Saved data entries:

────────────────────────────────────────

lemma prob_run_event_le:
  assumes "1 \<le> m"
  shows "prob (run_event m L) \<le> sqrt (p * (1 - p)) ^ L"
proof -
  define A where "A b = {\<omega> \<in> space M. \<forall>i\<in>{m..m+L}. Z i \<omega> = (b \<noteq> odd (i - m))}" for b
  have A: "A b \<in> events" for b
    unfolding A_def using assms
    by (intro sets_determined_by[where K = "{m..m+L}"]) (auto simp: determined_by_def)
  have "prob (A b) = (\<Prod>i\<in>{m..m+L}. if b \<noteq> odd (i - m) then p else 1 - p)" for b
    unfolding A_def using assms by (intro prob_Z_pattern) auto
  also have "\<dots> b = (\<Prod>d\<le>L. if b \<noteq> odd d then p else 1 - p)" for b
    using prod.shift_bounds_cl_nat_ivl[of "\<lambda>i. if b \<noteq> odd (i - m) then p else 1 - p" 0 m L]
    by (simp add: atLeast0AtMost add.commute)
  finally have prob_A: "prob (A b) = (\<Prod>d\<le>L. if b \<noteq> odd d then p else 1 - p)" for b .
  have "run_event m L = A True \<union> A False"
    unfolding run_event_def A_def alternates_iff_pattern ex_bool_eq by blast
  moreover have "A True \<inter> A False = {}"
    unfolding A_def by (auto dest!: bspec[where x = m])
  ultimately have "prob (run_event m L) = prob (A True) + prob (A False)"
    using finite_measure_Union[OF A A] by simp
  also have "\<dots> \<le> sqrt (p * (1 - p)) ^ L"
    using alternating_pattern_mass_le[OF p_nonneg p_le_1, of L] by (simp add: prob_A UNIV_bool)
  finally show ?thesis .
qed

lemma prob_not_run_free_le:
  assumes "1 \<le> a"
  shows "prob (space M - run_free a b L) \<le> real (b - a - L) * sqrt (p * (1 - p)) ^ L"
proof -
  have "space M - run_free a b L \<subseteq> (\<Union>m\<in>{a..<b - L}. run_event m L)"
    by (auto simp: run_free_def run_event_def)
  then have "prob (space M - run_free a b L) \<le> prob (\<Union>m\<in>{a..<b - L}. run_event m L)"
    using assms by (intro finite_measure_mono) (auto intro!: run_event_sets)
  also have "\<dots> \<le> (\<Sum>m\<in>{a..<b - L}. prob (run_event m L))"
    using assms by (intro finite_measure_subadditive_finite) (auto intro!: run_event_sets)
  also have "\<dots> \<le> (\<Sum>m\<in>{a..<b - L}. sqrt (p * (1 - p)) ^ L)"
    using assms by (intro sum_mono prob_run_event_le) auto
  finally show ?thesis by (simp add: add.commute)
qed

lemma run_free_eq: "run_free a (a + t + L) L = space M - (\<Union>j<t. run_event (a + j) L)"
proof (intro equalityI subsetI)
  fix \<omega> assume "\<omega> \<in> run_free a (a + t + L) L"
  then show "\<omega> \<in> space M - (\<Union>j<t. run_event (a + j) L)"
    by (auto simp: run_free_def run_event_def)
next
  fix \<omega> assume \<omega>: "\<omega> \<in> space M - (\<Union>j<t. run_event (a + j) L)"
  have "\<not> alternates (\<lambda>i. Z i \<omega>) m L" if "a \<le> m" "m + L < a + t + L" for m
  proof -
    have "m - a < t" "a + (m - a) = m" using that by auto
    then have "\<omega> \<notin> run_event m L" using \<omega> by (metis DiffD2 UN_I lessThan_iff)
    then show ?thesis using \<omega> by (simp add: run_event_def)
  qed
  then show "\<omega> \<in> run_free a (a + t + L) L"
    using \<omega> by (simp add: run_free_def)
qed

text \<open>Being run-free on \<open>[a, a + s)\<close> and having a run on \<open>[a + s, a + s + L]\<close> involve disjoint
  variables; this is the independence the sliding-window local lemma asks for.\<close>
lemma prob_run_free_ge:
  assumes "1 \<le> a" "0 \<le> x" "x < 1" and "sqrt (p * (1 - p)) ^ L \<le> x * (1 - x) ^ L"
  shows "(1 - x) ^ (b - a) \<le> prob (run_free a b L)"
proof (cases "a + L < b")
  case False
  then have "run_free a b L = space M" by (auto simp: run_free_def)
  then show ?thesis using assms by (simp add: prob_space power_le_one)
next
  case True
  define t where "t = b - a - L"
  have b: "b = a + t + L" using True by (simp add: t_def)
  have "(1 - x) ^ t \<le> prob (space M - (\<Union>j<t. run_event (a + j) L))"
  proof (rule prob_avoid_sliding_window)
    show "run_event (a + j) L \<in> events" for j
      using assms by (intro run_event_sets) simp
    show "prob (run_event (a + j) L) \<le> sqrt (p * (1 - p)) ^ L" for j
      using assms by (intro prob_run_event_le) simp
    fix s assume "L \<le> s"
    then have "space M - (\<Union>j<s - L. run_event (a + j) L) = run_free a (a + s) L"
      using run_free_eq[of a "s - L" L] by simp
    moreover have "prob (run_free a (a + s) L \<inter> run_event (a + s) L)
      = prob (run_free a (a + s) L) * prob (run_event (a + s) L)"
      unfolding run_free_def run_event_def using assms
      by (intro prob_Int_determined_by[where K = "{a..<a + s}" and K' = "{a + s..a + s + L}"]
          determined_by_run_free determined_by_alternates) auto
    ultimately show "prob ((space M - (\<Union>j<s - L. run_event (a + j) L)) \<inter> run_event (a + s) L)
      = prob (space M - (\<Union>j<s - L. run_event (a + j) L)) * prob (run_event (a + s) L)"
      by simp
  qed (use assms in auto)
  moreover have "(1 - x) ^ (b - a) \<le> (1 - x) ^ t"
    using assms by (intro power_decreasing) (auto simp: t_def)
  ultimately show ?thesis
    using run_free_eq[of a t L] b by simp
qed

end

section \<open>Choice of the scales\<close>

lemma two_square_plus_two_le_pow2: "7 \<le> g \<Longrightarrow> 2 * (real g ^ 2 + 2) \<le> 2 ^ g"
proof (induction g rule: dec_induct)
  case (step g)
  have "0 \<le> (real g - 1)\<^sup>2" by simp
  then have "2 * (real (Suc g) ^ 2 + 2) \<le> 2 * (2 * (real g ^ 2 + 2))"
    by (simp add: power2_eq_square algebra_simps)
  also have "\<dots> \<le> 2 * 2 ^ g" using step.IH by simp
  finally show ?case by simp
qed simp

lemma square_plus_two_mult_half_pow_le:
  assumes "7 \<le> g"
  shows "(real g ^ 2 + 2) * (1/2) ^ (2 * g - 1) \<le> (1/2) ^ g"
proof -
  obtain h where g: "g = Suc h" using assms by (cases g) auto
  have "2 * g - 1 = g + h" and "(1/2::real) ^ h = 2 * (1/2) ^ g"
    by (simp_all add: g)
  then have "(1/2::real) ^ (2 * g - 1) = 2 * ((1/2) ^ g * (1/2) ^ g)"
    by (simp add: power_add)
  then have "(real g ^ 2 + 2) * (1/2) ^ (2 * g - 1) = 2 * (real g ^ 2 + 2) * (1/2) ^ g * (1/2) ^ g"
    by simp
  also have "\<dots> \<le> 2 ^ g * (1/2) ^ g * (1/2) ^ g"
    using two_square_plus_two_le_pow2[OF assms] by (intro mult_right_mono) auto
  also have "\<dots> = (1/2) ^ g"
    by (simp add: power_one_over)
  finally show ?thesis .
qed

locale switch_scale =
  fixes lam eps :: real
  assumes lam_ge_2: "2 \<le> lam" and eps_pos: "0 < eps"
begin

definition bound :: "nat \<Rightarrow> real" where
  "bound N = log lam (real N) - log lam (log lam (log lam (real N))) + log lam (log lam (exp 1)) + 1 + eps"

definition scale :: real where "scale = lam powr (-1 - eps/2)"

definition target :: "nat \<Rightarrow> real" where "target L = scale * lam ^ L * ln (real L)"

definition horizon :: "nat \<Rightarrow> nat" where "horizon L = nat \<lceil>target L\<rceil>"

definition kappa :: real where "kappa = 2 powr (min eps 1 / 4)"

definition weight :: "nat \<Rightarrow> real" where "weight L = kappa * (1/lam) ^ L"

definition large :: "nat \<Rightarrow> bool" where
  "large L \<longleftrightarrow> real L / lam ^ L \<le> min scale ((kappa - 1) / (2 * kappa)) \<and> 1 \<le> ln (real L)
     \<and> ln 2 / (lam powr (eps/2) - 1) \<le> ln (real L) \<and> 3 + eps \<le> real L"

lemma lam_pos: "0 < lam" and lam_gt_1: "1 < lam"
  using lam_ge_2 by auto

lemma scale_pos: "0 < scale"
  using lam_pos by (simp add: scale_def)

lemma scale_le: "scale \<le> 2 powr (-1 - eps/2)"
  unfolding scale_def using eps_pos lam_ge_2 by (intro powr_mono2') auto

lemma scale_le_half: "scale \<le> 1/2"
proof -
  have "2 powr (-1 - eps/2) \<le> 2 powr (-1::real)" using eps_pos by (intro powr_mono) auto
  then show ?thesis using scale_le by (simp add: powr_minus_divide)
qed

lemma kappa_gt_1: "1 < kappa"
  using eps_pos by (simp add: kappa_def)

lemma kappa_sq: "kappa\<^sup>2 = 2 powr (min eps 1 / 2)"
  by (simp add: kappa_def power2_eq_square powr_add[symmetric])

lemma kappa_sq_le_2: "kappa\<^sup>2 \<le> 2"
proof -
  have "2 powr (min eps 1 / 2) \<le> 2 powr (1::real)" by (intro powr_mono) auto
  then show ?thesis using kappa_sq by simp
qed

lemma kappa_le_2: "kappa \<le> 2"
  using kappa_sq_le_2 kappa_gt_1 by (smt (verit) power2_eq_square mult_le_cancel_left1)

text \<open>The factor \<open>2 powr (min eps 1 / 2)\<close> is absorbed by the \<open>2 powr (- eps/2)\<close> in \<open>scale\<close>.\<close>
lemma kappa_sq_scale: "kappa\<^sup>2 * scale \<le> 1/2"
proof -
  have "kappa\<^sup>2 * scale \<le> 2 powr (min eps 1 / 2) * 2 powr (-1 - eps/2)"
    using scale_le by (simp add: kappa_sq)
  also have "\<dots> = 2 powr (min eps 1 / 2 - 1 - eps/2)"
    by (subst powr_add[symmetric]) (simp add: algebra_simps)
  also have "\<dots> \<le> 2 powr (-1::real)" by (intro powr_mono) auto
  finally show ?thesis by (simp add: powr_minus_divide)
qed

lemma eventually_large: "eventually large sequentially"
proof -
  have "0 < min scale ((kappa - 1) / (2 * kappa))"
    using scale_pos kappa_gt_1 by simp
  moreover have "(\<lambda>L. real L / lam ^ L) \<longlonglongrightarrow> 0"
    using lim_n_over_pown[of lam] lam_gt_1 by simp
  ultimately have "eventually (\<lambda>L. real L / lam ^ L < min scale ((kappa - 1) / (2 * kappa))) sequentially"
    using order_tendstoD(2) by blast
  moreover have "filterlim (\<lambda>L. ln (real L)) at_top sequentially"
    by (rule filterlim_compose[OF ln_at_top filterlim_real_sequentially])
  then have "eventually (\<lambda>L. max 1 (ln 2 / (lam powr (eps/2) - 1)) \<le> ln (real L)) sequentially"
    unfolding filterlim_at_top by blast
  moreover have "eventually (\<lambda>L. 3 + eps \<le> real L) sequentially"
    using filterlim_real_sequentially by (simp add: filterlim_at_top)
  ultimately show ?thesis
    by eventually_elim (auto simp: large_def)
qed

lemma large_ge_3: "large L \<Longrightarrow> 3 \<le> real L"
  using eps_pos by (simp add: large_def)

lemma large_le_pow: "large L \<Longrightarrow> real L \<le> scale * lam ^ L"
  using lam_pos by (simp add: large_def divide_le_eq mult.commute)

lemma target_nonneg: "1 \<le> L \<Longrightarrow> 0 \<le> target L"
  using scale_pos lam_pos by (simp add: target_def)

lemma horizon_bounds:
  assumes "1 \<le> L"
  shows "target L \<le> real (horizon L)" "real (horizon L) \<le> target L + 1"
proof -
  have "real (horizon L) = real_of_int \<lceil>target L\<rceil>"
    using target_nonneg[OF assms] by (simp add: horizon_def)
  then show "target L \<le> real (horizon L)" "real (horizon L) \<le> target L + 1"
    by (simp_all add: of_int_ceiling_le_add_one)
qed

────────────────────────────────────────

Nothing but the lines above from the one containing "proof (rule prob_avoid_sliding_window)" through the one containing "fix s assume" should appear in the answer, each repeated exactly.

Task response:
  proof (rule prob_avoid_sliding_window)
    show "run_event (a + j) L \<in> events" for j
      using assms by (intro run_event_sets) simp
    show "prob (run_event (a + j) L) \<le> sqrt (p * (1 - p)) ^ L" for j
      using assms by (intro prob_run_event_le) simp
    fix s assume "L \<le> s"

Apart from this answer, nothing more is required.